:: THE INPUT

lemma linearization_pointwise_le:
  fixes f t th p1 p0 L :: real
  assumes p1: "0 \<le> p1" and p0: "0 \<le> p0" and L: "L > 0"
  defines "r \<equiv> sqrt p1 - sqrt p0 * (1 + th * t / 2)"
  shows "\<bar>f * p1 - f * p0 - th * (f * t * p0)\<bar>
           \<le> 3 * L * (f\<^sup>2 * p1 + 4 * (f\<^sup>2 * p0) + th\<^sup>2 / 4 * (f\<^sup>2 * t\<^sup>2 * p0)) + r\<^sup>2 / L
             + th\<^sup>2 / 2 * (\<bar>f * t\<^sup>2\<bar> * p0)"
proof -
  define a where "a = sqrt p0 * th * t / 2"
  define W where "W = sqrt p1 + 2 * sqrt p0 + \<bar>a\<bar>"
  have r: "r = sqrt p1 - sqrt p0 - a"
    by (simp add: r_def a_def algebra_simps)
  have a_sq: "a\<^sup>2 = th\<^sup>2 / 4 * (t\<^sup>2 * p0)"
    using p0 by (simp add: a_def power_mult_distrib power_divide)
  have W_sq: "W\<^sup>2 \<le> 3 * (p1 + 4 * p0 + a\<^sup>2)"
    using square_sum3_le[of "sqrt p1" "2 * sqrt p0" "\<bar>a\<bar>"] p1 p0 by (simp add: W_def)
  have "f * p1 - f * p0 - th * (f * t * p0) = f * (p1 - p0 - th * t * p0)"
    by (simp add: algebra_simps)
  also have "\<dots> = f * (2 * sqrt p0 * r + (a + r)\<^sup>2)"
    using sqrt_density_expansion[OF p1 p0, of th t] by (simp add: r_def a_def)
  finally have "\<bar>f * p1 - f * p0 - th * (f * t * p0)\<bar> = \<bar>f\<bar> * \<bar>2 * sqrt p0 * r + (a + r)\<^sup>2\<bar>"
    by (simp add: abs_mult)
  also have "\<dots> \<le> \<bar>f\<bar> * (2 * \<bar>r\<bar> * W + 2 * a\<^sup>2)"
    using abs_expansion_remainder_le[of "sqrt p1" "sqrt p0" a] p1 p0
    by (intro mult_left_mono) (simp_all add: r W_def)
  also have "\<dots> = 2 * (\<bar>f\<bar> * W) * \<bar>r\<bar> + th\<^sup>2 / 2 * (\<bar>f * t\<^sup>2\<bar> * p0)"
    by (simp add: a_sq abs_mult algebra_simps)
  also have "\<dots> \<le> L * (f\<^sup>2 * W\<^sup>2) + r\<^sup>2 / L + th\<^sup>2 / 2 * (\<bar>f * t\<^sup>2\<bar> * p0)"
    using two_mult_le_scaled_squares[OF L, of "\<bar>f\<bar> * W" "\<bar>r\<bar>"] by (simp add: power_mult_distrib)
  also have "L * (f\<^sup>2 * W\<^sup>2) \<le> 3 * L * (f\<^sup>2 * p1 + 4 * (f\<^sup>2 * p0) + th\<^sup>2 / 4 * (f\<^sup>2 * t\<^sup>2 * p0))"
  proof -
    have "f\<^sup>2 * W\<^sup>2 \<le> 3 * (f\<^sup>2 * p1 + 4 * (f\<^sup>2 * p0) + th\<^sup>2 / 4 * (f\<^sup>2 * t\<^sup>2 * p0))"
      using mult_left_mono[OF W_sq, of "f\<^sup>2"] by (simp add: a_sq algebra_simps)
    then show ?thesis
      using mult_left_mono[of _ _ L] L by (simp add: mult.assoc)
  qed
  finally show ?thesis
    by simp
qed
lemma shell_triple_sum_le:
  assumes c: "c > 1/3" and \<delta>: "\<delta> > 0" and q: "q > 1" and n: "n \<ge> 1"
  defines "a \<equiv> shell_weight c \<delta> q n" and "r \<equiv> shell_rate \<delta> q n" and "z \<equiv> shell_ratio c q n"
  shows "(\<Sum>i. \<Sum>j. \<Sum>k. ennreal (a i * a j * a k * (pi / sqrt (r i * r j + r i * r k + r j * r k)) ^ n))
     \<le> ennreal ((pi / sqrt 3) ^ n * shell_const c \<delta> q n ^ 3 * (1 / (1 - z)) ^ 3)"
proof -
  define C where "C = (pi / sqrt 3) ^ n * shell_const c \<delta> q n ^ 3"
  have z: "0 < z" "z < 1" using shell_ratio_bounds[OF c q n] by (auto simp: z_def)
  have C: "C \<ge> 0" by (simp add: C_def shell_const_def)
  have "(\<Sum>i. \<Sum>j. \<Sum>k. ennreal (a i * a j * a k * (pi / sqrt (r i * r j + r i * r k + r j * r k)) ^ n))
     \<le> (\<Sum>i. \<Sum>j. \<Sum>k. ennreal C * (ennreal (z ^ i) * ennreal (z ^ j) * ennreal (z ^ k)))"
  proof (intro suminf_le summableI allI)
    fix i j k
    have r: "r i > 0" "r j > 0" "r k > 0" using shell_rate_pos[OF \<delta> _ n] q by (auto simp: r_def)
    have "a i * a j * a k * (pi / sqrt (r i * r j + r i * r k + r j * r k)) ^ n
        \<le> a i * a j * a k * ((pi / sqrt 3) ^ n * (r i * r j * r k) powr (- real n / 3))"
      using r by (intro mult_left_mono pi_div_sqrt_pow_le) (auto simp: a_def shell_weight_nonneg)
    also have "\<dots> = (pi / sqrt 3) ^ n * ((a i * r i powr (- real n / 3))
        * (a j * r j powr (- real n / 3)) * (a k * r k powr (- real n / 3)))"
      using r by (simp add: powr_mult algebra_simps)
    also have "\<dots> = C * (z ^ i * z ^ j * z ^ k)"
      unfolding a_def r_def z_def C_def shell_weight_mult_rate_powr[OF \<delta> order.strict_trans[OF zero_less_one q] n]
      by (simp add: algebra_simps power3_eq_cube)
    finally show "ennreal (a i * a j * a k * (pi / sqrt (r i * r j + r i * r k + r j * r k)) ^ n)
        \<le> ennreal C * (ennreal (z ^ i) * ennreal (z ^ j) * ennreal (z ^ k))"
      using z C by (simp add: ennreal_mult[symmetric] ennreal_leI)
  qed
  also have "\<dots> = ennreal C * (\<Sum>i. ennreal (z ^ i)) ^ 3"
    by (simp add: power3_eq_cube mult.assoc)
  also have "(\<Sum>i. ennreal (z ^ i)) = ennreal (1 / (1 - z))"
    using z by (intro suminf_ennreal_eq geometric_sums) auto
  finally show ?thesis
    using z C by (simp add: C_def ennreal_mult[symmetric] ennreal_power)
qed
lemma c_pos: "0 < c"
  by (simp add: c_def)

lemma c_le1: "c \<le> 1"
  using powr_mono[of "- K" 0 2] K_pos by (simp add: c_def)

lemma c_diff_bound: "\<bar>c * (X - Y)\<bar> \<le> \<bar>X\<bar> + \<bar>Y\<bar>"
proof -
  have "\<bar>c * (X - Y)\<bar> \<le> \<bar>X - Y\<bar>"
    using c_pos c_le1 mult_left_le_one_le[of "\<bar>X - Y\<bar>" c] by (simp add: abs_mult)
  then show ?thesis using abs_triangle_ineq4[of X Y] by linarith
qed

lemma R_sym: "R x y = R y x"
  by (simp add: R_def G_sym abs_minus_commute)

lemma R_hoelder:
  assumes "0 \<le> y1" "y1 \<le> y2"
  shows "\<bar>R x y2 - R x y1\<bar> \<le> 2 * sqrt (y2 - y1)"
proof -
  have "\<bar>G x y2 - G x y1\<bar> \<le> sqrt (y2 - y1)"
    using G_hoelder[OF assms] G_mono2[of y1 y2 x] assms by simp
  moreover have "\<bar>sqrt \<bar>x - y2\<bar> - sqrt \<bar>x - y1\<bar>\<bar> \<le> sqrt \<bar>\<bar>x - y2\<bar> - \<bar>x - y1\<bar>\<bar>"
    by (rule sqrt_diff_le_sqrt_abs_diff) auto
  moreover have "sqrt \<bar>\<bar>x - y2\<bar> - \<bar>x - y1\<bar>\<bar> \<le> sqrt (y2 - y1)" using assms by simp
  moreover have "R x y2 - R x y1 = c * ((G x y2 - G x y1) - (sqrt \<bar>x - y2\<bar> - sqrt \<bar>x - y1\<bar>))"
    by (simp add: R_def algebra_simps)
  ultimately show ?thesis
    using c_diff_bound[of "G x y2 - G x y1" "sqrt \<bar>x - y2\<bar> - sqrt \<bar>x - y1\<bar>"] by linarith
qed

lemma increment_variance:
  assumes "0 < s" "s \<le> t"
  shows "incr_cov R t (t - s) t (t - s) \<le> 3 * sqrt s"
proof -
  define u where "u = t - s"
  have u: "0 \<le> u" "u \<le> t" "\<bar>t - u\<bar> = s" "\<bar>u - t\<bar> = s" using assms by (auto simp: u_def)
  have e: "incr_cov R t u t u = c * ((G t t - G t u) + (G u u - G t u)) + 2 * c * sqrt s"
    unfolding incr_cov_def R_def G_sym[of u t] u(3,4) by (simp add: algebra_simps)
  have "G t t - G t u \<le> sqrt s" using G_hoelder[of u t t] u by simp
  moreover have "G u u - G t u \<le> 0" using G_mono[of u t u] u by simp
  ultimately have "c * ((G t t - G t u) + (G u u - G t u)) \<le> c * sqrt s"
    using c_pos by (intro mult_left_mono) auto
  then have "incr_cov R t u t u \<le> 3 * c * sqrt s" unfolding e by (simp add: algebra_simps)
  also have "\<dots> \<le> 3 * sqrt s" using c_le1 assms by (intro mult_right_mono) auto
  finally show ?thesis by (simp add: u_def)
qed

text \<open>Covariance of increments over disjoint, separated intervals, condition (ii): the G-part is
  a mixed difference, the sqrt-part a second difference at distance d = t - r.\<close>
lemma increment_covariance_ordered:
  assumes "0 < s" "2 * s \<le> r" "r + 2 * s \<le> t"
  shows "\<bar>incr_cov R t (t - s) r (r - s)\<bar>
     \<le> (1 - K) / 2 * s^2 * ((r - s) powr (p - 1) * (t - r) powr (-1/2 - p)) + 2 * s^2 * (t - r) powr (-3/2)"
proof -
  define d where "d = t - r"
  have d: "2 * s \<le> d" using assms by (simp add: d_def)
  define Dg where "Dg = G t r - G t (r - s) - G (t - s) r + G (t - s) (r - s)"
  define Dh where "Dh = sqrt (d - s) - 2 * sqrt d + sqrt (d + s)"
  have "\<bar>t - r\<bar> = d" "\<bar>t - (r - s)\<bar> = d + s" "\<bar>t - s - r\<bar> = d - s" "\<bar>t - s - (r - s)\<bar> = d"
    using assms by (auto simp: d_def)
  then have e: "incr_cov R t (t - s) r (r - s) = c * (Dg - (- Dh))"
    by (simp add: incr_cov_def R_def Dg_def Dh_def algebra_simps)
  have "\<bar>Dg\<bar> \<le> (1 - K) / 2 * s * s * ((r - s) powr (p - 1) * (t - s) powr (-1/2 - p))"
    using G_mixed_difference[of "r - s" r "t - s" t] assms unfolding Dg_def by simp
  also have "\<dots> \<le> (1 - K) / 2 * s * s * ((r - s) powr (p - 1) * d powr (-1/2 - p))"
    using powr_mono2'[of "-1/2 - p" d "t - s"] assms p_pos K_le1
    by (intro mult_left_mono) (auto simp: d_def)
  finally have Dg_bound: "\<bar>Dg\<bar> \<le> (1 - K) / 2 * s^2 * ((r - s) powr (p - 1) * d powr (-1/2 - p))"
    by (simp add: power2_eq_square)
  have "\<bar>Dh\<bar> \<le> 2 * s^2 * d powr (-3/2)"
    using sqrt_second_difference[of s d] assms d unfolding Dh_def by simp
  then show ?thesis
    using e c_diff_bound[of Dg "- Dh"] Dg_bound by (simp add: d_def)
qed

lemma increment_covariance:
  assumes "0 < s" "2 * s \<le> r" "2 * s \<le> t" "2 * s \<le> \<bar>t - r\<bar>"
  shows "\<bar>incr_cov R t (t - s) r (r - s)\<bar>
     \<le> (1 - K) / 2 * s^2 * ((min t r - s) powr (p - 1) * \<bar>t - r\<bar> powr (-1/2 - p))
        + 2 * s^2 * \<bar>t - r\<bar> powr (-3/2)"
proof (cases "r \<le> t")
  case True
  then show ?thesis using increment_covariance_ordered[of s r t] assms by (simp add: min_def)
next
  case False
  have "incr_cov R t (t - s) r (r - s) = incr_cov R r (r - s) t (t - s)"
    by (simp add: incr_cov_def R_sym[of t] R_sym[of "t - s"])
  then show ?thesis using increment_covariance_ordered[of s t r] assms False by (simp add: min_def)
qed

text \<open>Second difference of R in the second variable, condition (iii).  Near the diagonal or the
  origin it is controlled by the Hoelder bound alone.\<close>
lemma second_difference_near:
  assumes "0 < s" "s \<le> r"
  shows "\<bar>second_diff_cov R t r s\<bar> \<le> 4 * sqrt s"
proof -
  have "\<bar>R t (r + s) - R t r\<bar> \<le> 2 * sqrt s" "\<bar>R t r - R t (r - s)\<bar> \<le> 2 * sqrt s"
    using R_hoelder[of r "r + s" t] R_hoelder[of "r - s" r t] assms by simp_all
  then show ?thesis unfolding second_diff_cov_def by linarith
qed

lemma second_difference_far:
  assumes "0 < s" "2 * s \<le> r" "2 * s \<le> \<bar>t - r\<bar>"
  shows "\<bar>second_diff_cov R t r s\<bar> \<le> 4 * s^2 * ((r - s) powr (-3/2) + \<bar>t - r\<bar> powr (-3/2))"
proof -
  define d where "d = \<bar>t - r\<bar>"
  define Gs where "Gs = G t (r + s) - 2 * G t r + G t (r - s)"
  define Hs where "Hs = sqrt (d + s) - 2 * sqrt d + sqrt (d - s)"
  have sqrt_terms: "sqrt \<bar>t - (r + s)\<bar> + sqrt \<bar>t - (r - s)\<bar> = sqrt (d + s) + sqrt (d - s)"
    using assms by (cases "r \<le> t") (auto simp: d_def algebra_simps)
  have "second_diff_cov R t r s
      = c * (Gs - ((sqrt \<bar>t - (r + s)\<bar> + sqrt \<bar>t - (r - s)\<bar>) - 2 * sqrt d))"
    by (simp add: second_diff_cov_def R_def Gs_def d_def algebra_simps)
  then have e: "second_diff_cov R t r s = c * (Gs - Hs)"
    unfolding sqrt_terms Hs_def by (simp add: algebra_simps)
  have "\<bar>Gs\<bar> \<le> (1/2) * s^2 * (r - s) powr (-3/2)"
    unfolding Gs_def by (rule G_second_difference) (use assms in auto)
  moreover have "\<bar>Hs\<bar> \<le> 2 * s^2 * d powr (-3/2)"
    unfolding Hs_def by (rule sqrt_second_difference) (use assms in \<open>auto simp: d_def\<close>)
  moreover have "(1/2) * s^2 * (r - s) powr (-3/2) \<le> 4 * s^2 * (r - s) powr (-3/2)"
    "2 * s^2 * d powr (-3/2) \<le> 4 * s^2 * d powr (-3/2)"
    by (intro mult_right_mono; simp)+
  ultimately show ?thesis
    using e c_diff_bound[of Gs Hs] by (simp add: d_def distrib_left)
qed

text \<open>Symmetric increments R r (t + s) - R r (t - s), condition (iv): near the diagonal by the
  Hoelder bound, on the diagonal (where the sqrt-part cancels) and far from it by the
  Lipschitz bounds for G and sqrt.\<close>
lemma symmetric_increment_near:
  assumes "0 < s" "s \<le> t"
  shows "\<bar>R r (t + s) - R r (t - s)\<bar> \<le> 3 * sqrt s"
proof -
  have "sqrt 2 \<le> sqrt (9/4)" by simp
  also have "sqrt (9/4) = 3/2" by (simp add: real_sqrt_divide)
  finally have "2 * sqrt 2 * sqrt s \<le> 3 * sqrt s" using assms by (intro mult_right_mono) auto
  moreover have "\<bar>R r (t + s) - R r (t - s)\<bar> \<le> 2 * sqrt ((t + s) - (t - s))"
    by (rule R_hoelder) (use assms in auto)
  ultimately show ?thesis by (simp add: real_sqrt_mult)
qed

lemma symmetric_increment_diagonal:
  assumes "0 < s" "2 * s \<le> t"
  shows "\<bar>R t (t + s) - R t (t - s)\<bar> \<le> 3 * s * (t - s) powr (-1/2)"
proof -
  have "\<bar>t - (t + s)\<bar> = s" "\<bar>t - (t - s)\<bar> = s" using assms by auto
  then have e: "R t (t + s) - R t (t - s) = c * ((G t (t + s) - G t (t - s)) - 0)"
    by (simp add: R_def algebra_simps)
  have "\<bar>G t (t + s) - G t (t - s)\<bar> \<le> s * (t - s) powr (-1/2)"
    using G_lipschitz[of "t - s" "t + s" t] assms by simp
  then show ?thesis
    using e c_diff_bound[of "G t (t + s) - G t (t - s)" 0] assms by simp
qed

lemma symmetric_increment_far:
  assumes "0 < s" "2 * s \<le> t" "2 * s \<le> \<bar>t - r\<bar>"
  shows "\<bar>R r (t + s) - R r (t - s)\<bar> \<le> 3 * s * (t - s) powr (-1/2) + 3 * s * \<bar>t - r\<bar> powr (-1/2)"
proof -
  define d where "d = \<bar>t - r\<bar>"
  have dpos: "0 < d" using assms by (simp add: d_def)
  define A where "A = \<bar>r - (t + s)\<bar>"
  define B where "B = \<bar>r - (t - s)\<bar>"
  have e: "R r (t + s) - R r (t - s) = c * ((G r (t + s) - G r (t - s)) - (sqrt A - sqrt B))"
    by (simp add: R_def A_def B_def algebra_simps)
  have G: "\<bar>G r (t + s) - G r (t - s)\<bar> \<le> s * (t - s) powr (-1/2)"
    using G_lipschitz[of "t - s" "t + s" r] assms by simp
  have AB: "d / 4 \<le> A" "d / 4 \<le> B" "\<bar>A - B\<bar> \<le> 2 * s"
    unfolding d_def A_def B_def using assms by (cases "r \<le> t"; simp add: abs_if)+
  have "(d / 4) powr (-1/2) = 2 * d powr (-1/2)"
    using dpos powr_neg_half[of "d / 4"] powr_neg_half[OF dpos] by (simp add: real_sqrt_divide)
  then have "\<bar>sqrt A - sqrt B\<bar> \<le> \<bar>A - B\<bar> * d powr (-1/2)"
    using sqrt_diff_le_lipschitz[of "d / 4" A B] dpos AB by simp
  also have "\<dots> \<le> 2 * s * d powr (-1/2)" using AB by (intro mult_right_mono) auto
  finally have H: "\<bar>sqrt A - sqrt B\<bar> \<le> 2 * s * d powr (-1/2)" .
  have "0 \<le> s * (t - s) powr (-1/2)" "0 \<le> s * d powr (-1/2)" using assms by simp_all
  then show ?thesis
    using e c_diff_bound[of "G r (t + s) - G r (t - s)" "sqrt A - sqrt B"] G H
    by (simp add: d_def)
qed

text \<open>The last part of condition (iv), with \<gamma> = 1/2: both G and sqrt are Lipschitz on
  [t - 2s, \<infinity>).\<close>
lemma increment_against_origin_interval:
  assumes "0 < s" "2 * s < t"
  shows "\<bar>R s t - R s (t - s)\<bar> \<le> s * (t - 2 * s) powr (-1/2)"
proof -
  have "\<bar>s - t\<bar> = t - s" "\<bar>s - (t - s)\<bar> = t - 2 * s" using assms by auto
  then have e: "R s t - R s (t - s) = c * ((G s t - G s (t - s)) - (sqrt (t - s) - sqrt (t - 2 * s)))"
    by (simp add: R_def algebra_simps)
  have "\<bar>G s t - G s (t - s)\<bar> \<le> s * ((1/2) * (t - s) powr (-1/2))"
    using G_lipschitz[of "t - s" t s] assms by simp
  also have "\<dots> \<le> s * ((1/2) * (t - 2 * s) powr (-1/2))"
    using powr_mono2'[of "-1/2" "t - 2 * s" "t - s"] assms by simp
  finally have G: "\<bar>G s t - G s (t - s)\<bar> \<le> s * ((1/2) * (t - 2 * s) powr (-1/2))" .
  have H: "\<bar>sqrt (t - s) - sqrt (t - 2 * s)\<bar> \<le> s * ((1/2) * (t - 2 * s) powr (-1/2))"
    using sqrt_diff_le_lipschitz[of "t - 2 * s" "t - s" "t - 2 * s"] assms by simp
  show ?thesis
    using e c_diff_bound[of "G s t - G s (t - s)" "sqrt (t - s) - sqrt (t - 2 * s)"] G H by simp
qed

lemma R_eq_bfbm_cov: "R = bfbm_cov (p / 2) K"
proof (intro ext)
  fix x y :: real
  have exponent: "2 * (p / 2) * K = 1/2" using pK by simp
  have "\<bar>x - y\<bar> powr (2 * (p / 2) * K) = sqrt \<bar>x - y\<bar>"
    unfolding exponent by (simp add: powr_half_sqrt)
  then show "R x y = bfbm_cov (p / 2) K x y"
    unfolding bfbm_cov_def R_def c_def G_def by simp
qed

section \<open>Conditions (i)-(iv) for R\<close>

text \<open>The estimates above hold for all times, so the conditions hold on every interval [0, T]
  with constants independent of T.\<close>

lemma cond_i_R: "cond_i R T 3"
  unfolding cond_i_def using increment_variance by (simp add: powr_half_sqrt)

::::

YOUR INSTRUCTIONS:
Only the number of lines in the data that hold "close" should be stated.

RESULT OF THE TASK:
7